> How to complete this task: What is needed is a copy of each line in the listing below that contains "dots".

Top of Material for this task

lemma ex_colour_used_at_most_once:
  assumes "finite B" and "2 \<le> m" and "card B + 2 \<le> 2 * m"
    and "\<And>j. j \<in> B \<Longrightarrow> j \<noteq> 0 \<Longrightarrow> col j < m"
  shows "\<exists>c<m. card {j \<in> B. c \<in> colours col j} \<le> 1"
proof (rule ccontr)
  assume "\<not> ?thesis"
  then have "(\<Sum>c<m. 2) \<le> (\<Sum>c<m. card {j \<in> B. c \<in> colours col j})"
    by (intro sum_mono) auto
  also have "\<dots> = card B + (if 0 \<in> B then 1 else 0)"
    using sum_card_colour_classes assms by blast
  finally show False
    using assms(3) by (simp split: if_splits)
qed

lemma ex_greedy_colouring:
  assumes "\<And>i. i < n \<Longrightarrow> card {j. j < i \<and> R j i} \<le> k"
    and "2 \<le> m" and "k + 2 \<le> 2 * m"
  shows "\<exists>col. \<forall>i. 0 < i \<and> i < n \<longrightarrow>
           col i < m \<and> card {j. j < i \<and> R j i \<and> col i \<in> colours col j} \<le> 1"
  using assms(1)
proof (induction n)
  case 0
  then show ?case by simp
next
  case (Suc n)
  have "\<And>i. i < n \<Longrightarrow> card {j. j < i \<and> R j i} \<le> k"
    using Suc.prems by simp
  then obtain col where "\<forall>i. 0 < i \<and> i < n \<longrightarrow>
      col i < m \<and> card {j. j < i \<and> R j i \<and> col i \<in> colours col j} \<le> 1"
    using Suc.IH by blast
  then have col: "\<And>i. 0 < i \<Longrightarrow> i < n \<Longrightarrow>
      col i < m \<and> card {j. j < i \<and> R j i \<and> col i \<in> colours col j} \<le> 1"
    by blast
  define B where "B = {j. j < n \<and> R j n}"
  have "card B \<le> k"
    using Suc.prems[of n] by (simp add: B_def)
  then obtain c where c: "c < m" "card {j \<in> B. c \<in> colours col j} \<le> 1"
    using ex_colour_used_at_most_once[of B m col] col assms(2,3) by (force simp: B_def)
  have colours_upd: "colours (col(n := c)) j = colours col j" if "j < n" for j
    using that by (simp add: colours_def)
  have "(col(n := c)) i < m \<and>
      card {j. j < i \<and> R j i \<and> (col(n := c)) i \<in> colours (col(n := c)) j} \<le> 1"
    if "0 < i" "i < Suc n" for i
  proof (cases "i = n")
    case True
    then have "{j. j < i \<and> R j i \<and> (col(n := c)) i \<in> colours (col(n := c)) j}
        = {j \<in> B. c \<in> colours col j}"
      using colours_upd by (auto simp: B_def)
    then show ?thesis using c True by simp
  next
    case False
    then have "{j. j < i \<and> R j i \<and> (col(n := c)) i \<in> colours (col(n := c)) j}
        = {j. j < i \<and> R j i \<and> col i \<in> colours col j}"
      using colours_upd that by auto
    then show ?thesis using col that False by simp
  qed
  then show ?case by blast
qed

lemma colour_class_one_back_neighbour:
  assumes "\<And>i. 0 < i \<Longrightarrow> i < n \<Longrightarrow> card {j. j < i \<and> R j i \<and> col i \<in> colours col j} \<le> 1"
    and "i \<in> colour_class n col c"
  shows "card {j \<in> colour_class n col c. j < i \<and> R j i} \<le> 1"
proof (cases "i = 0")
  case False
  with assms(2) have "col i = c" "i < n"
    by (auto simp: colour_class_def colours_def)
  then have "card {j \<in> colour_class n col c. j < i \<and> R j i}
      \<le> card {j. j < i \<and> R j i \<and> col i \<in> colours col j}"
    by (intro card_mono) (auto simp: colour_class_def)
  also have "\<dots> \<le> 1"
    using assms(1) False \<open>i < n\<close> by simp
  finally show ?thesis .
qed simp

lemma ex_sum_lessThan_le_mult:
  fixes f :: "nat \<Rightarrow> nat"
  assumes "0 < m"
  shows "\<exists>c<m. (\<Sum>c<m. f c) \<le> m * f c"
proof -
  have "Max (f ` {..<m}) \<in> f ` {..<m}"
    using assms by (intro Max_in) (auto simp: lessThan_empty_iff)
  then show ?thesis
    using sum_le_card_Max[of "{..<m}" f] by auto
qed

Bottom of Material for this task
Top of Material for this task

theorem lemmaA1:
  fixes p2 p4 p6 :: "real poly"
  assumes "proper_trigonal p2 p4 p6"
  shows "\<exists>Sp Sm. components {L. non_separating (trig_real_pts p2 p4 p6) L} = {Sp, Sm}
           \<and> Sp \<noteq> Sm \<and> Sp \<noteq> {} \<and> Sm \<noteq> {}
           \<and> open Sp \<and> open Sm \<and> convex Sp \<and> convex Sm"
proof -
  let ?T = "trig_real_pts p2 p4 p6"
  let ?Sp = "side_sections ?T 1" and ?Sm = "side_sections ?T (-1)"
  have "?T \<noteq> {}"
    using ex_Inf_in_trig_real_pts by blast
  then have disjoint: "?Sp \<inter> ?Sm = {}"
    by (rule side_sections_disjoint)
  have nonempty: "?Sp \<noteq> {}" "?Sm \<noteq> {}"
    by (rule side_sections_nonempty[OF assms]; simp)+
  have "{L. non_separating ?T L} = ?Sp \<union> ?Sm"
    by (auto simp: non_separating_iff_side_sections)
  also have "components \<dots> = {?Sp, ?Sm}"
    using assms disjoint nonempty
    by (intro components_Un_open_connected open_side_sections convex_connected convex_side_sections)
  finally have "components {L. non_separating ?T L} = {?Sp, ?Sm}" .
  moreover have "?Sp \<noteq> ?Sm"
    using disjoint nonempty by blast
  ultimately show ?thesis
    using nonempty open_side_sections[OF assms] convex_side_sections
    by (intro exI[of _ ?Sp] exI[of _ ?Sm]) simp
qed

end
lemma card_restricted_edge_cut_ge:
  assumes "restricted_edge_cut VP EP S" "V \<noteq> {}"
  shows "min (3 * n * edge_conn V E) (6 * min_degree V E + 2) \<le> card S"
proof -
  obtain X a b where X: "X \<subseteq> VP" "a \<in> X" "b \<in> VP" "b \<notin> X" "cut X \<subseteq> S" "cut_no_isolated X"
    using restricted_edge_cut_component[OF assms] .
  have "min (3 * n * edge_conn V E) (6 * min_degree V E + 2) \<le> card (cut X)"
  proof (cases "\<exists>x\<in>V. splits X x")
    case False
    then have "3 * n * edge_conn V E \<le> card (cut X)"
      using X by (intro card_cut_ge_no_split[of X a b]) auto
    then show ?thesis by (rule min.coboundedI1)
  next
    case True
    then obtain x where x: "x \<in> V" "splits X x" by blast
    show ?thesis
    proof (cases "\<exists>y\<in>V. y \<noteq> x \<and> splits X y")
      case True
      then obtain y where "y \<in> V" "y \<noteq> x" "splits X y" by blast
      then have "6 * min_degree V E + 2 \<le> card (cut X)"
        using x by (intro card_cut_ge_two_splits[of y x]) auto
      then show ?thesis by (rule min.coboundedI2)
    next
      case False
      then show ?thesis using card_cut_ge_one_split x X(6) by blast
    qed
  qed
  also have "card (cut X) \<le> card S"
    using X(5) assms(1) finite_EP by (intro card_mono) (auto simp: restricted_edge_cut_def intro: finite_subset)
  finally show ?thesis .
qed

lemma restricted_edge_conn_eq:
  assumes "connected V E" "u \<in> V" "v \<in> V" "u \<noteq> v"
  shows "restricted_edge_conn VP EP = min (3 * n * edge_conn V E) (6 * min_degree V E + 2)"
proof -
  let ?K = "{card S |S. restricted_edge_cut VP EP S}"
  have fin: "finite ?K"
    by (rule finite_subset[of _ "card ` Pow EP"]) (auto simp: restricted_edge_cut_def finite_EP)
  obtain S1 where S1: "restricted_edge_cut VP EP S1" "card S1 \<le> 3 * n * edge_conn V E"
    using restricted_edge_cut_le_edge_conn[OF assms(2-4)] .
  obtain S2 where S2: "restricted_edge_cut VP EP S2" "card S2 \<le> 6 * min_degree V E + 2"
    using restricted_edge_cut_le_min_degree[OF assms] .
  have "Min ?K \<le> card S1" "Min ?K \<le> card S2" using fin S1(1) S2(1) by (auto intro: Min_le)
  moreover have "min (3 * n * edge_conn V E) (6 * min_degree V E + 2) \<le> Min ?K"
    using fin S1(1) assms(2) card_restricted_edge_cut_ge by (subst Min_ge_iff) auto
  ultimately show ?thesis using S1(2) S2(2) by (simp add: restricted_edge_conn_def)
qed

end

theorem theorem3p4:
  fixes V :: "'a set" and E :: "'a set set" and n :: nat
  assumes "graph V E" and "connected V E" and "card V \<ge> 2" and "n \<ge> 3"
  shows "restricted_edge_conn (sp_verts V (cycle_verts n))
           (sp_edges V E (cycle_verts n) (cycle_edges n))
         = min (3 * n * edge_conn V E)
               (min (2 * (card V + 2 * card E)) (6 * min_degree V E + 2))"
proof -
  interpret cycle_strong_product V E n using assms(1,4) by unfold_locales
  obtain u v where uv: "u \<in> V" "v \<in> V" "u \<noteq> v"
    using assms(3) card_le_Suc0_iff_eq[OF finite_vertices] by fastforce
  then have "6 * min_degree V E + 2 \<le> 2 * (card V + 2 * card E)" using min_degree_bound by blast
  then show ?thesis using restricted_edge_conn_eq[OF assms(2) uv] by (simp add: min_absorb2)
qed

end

Bottom of Material for this task

> Task solution:
  also have "\<dots> = card B + (if 0 \<in> B then 1 else 0)"
  also have "\<dots> \<le> 1"
  also have "components \<dots> = {?Sp, ?Sm}"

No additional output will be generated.